# Limit on Entry on visit visa?



## 10mct (Jul 12, 2010)

I have a B1/B2 visa that is valid for '10' years. I was to visit a friend of mine in CA.
1. Is there any time-frame by when i should be entering US for the first time or it can be any time within the next '10' yrs?
2. Can i enter through any airport or have to necessarily enter in CA only?


----------



## Davis1 (Feb 20, 2009)

10mct said:


> I have a B1/B2 visa that is valid for '10' years. I was to visit a friend of mine in CA.
> 1. Is there any time-frame by when i should be entering US for the first time or it can be any time within the next '10' yrs?
> 2. Can i enter through any airport or have to necessarily enter in CA only?


Enter anytime, anywhere you like within the next 10 years


----------



## 10mct (Jul 12, 2010)

Davis1 said:


> Enter *anytime*, anywhere you like within the next 10 years


thanks.. 
hope even the *first *entry can be done *ANYTIME*... ??


----------



## nat21 (Oct 10, 2010)

10mct said:


> I have a B1/B2 visa that is valid for '10' years.

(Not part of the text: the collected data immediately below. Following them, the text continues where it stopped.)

lemma Cring_subset_AC: "Cring \<subseteq> AC"
proof -
  interpret qsubalgebra m L Aring
    by (rule qsubalgebra_ZP_adj)
  show ?thesis
    using zero_mem by (blast intro: set_plus_q_right)
qed

lemma Aring_subset_AC: "Aring \<subseteq> AC"
proof -
  interpret qsubalgebra m L Cring
    by (rule qsubalgebra_ZP_adj)
  show ?thesis
    using zero_mem by (blast intro: set_plus_q_left)
qed

lemma qsubmodule_AC: "qsubmodule m L AC"
  using qsubalgebra_ZP_adj qsubalgebra_ZP_adj by (rule qsubmodule_set_plus)

lemma X1'_Xmon_add_p0_mem_AC:
  assumes u: "lattice_vec m u" "u 1 = 0"
    and IH: "qmult m L X1' (Xmon u) \<in> AC" "qmult m L (Xmon u) X1' \<in> AC"
  shows "qmult m L X1' (Xmon (u + p0)) \<in> AC" "qmult m L (Xmon (p0 + u)) X1' \<in> AC"
proof -
  interpret AC: qsubmodule m L AC
    by (rule qsubmodule_AC)
  obtain T where X2'_eq: "X2' = Xmon p0 + T"
    and T: "\<And>c. c \<in> exponents T \<Longrightarrow> lattice_vec m c \<and> 1 \<le> c 1"
    using X2'_split by blast
  have Xp0_eq: "Xmon p0 = X2' - T"
    by (simp add: X2'_eq)
  have X2'_mem: "X2' \<in> Aring" "X2' \<in> Cring"
    by (simp_all add: generator_mem_ZP_adj X2'_mem_Cring)
  have "lattice_vec m v \<and> 1 \<le> v 1" if "v \<in> exponents (qmult m L (Xmon u) T)" for v
    using that u T by (elim exponents_qmultE) (auto intro: lattice_vec_add)
  moreover have "lattice_vec m v \<and> 1 \<le> v 1" if "v \<in> exponents (qmult m L T (Xmon u))" for v
    using that u T by (elim exponents_qmultE) (auto intro: lattice_vec_add)
  ultimately have uT: "qmult m L X1' (qmult m L (Xmon u) T) \<in> Cring"
      "qmult m L (qmult m L T (Xmon u)) X1' \<in> Cring"
    using X1'_qmult_mem_Cring by blast+
  have "qmult m L X1' (Xmon (u + p0))
      = qmult m L (qmult m L (qmult m L X1' (Xmon u)) X2') (tpow (- lam m L u p0))
        - qmult m L (qmult m L X1' (qmult m L (Xmon u) T)) (tpow (- lam m L u p0))"
    by (simp add: Xmon_add[of u p0 m L] Xp0_eq qmult_assoc qmult_diff_left qmult_diff_right)
  also have "\<dots> \<in> AC"
    using qmult_set_plus_inter_mem(1)[OF qsubalgebra_ZP_adj qsubalgebra_ZP_adj IH(1) X2'_mem]
      uT(1) Cring_subset_AC
    by (blast intro: AC.diff_mem AC.mult_tpow_mem)
  finally show "qmult m L X1' (Xmon (u + p0)) \<in> AC" .
  have "Xmon (p0 + u) = qmult m L (tpow (- lam m L p0 u)) (qmult m L (Xmon p0) (Xmon u))"
    by (simp add: Xmon_add[of p0 u m L] tpow_commute)
  then have "qmult m L (Xmon (p0 + u)) X1'
      = qmult m L (tpow (- lam m L p0 u)) (qmult m L X2' (qmult m L (Xmon u) X1'))
        - qmult m L (tpow (- lam m L p0 u)) (qmult m L (qmult m L T (Xmon u)) X1')"
    by (simp add: Xp0_eq qmult_assoc qmult_diff_left qmult_diff_right)
  also have "\<dots> \<in> AC"
    using qmult_set_plus_inter_mem(2)[OF qsubalgebra_ZP_adj qsubalgebra_ZP_adj IH(2) X2'_mem]
      uT(2) Cring_subset_AC
    by (blast intro: AC.diff_mem AC.tpow_mult_mem)
  finally show "qmult m L (Xmon (p0 + u)) X1' \<in> AC" .
qed

lemma X1'_Xmon_mem_AC:
  assumes "lattice_vec m c" "0 \<le> c 1"
  shows "qmult m L X1' (Xmon c) \<in> AC \<and> qmult m L (Xmon c) X1' \<in> AC"
  using assms
proof (induction "nat (- c 2)" arbitrary: c rule: less_induct)
  case less
  consider "1 \<le> c 1" | "c 1 = 0" "0 \<le> c 2" | "c 1 = 0" "c 2 < 0"
    using less.prems by linarith
  then show ?case
  proof cases
    case 1
    then show ?thesis
      using X1'_qmult_mem_Cring[of "Xmon c"] less.prems Cring_subset_AC by auto
  next
    case 2
    interpret A: qsubalgebra m L Aring
      by (rule qsubalgebra_ZP_adj)
    have "X1' \<in> Aring" "Xmon c \<in> Aring"
      using 2 less.prems by (simp_all add: generator_mem_ZP_adj Xmon_mem_Aring)
    then show ?thesis
      using A.mult_mem Aring_subset_AC by blast
  next
    case 3
    define u where "u = c - p0"
    have u: "lattice_vec m u" "u 1 = 0" "u 2 = c 2 + 1"
      using less.prems(1) p0_coordinates 3 by (auto simp: u_def lattice_vec_def)
    then have "qmult m L X1' (Xmon u) \<in> AC \<and> qmult m L (Xmon u) X1' \<in> AC"
      using less.hyps[of u] 3 by auto
    moreover have "c = u + p0" "c = p0 + u"
      by (simp_all add: u_def)
    ultimately show ?thesis
      using X1'_Xmon_add_p0_mem_AC u by metis
  qed
qed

I was to visit a friend of mine in CA.
> 1. Is there any time-frame by when i should be entering US for the first time or it can be any time within the next '10' yrs?
> 2. Can i enter through any airport or have to necessarily enter in CA only?


You can enter the US anytime while the visa is valid. You can also enter at any airport, not just CA.


----------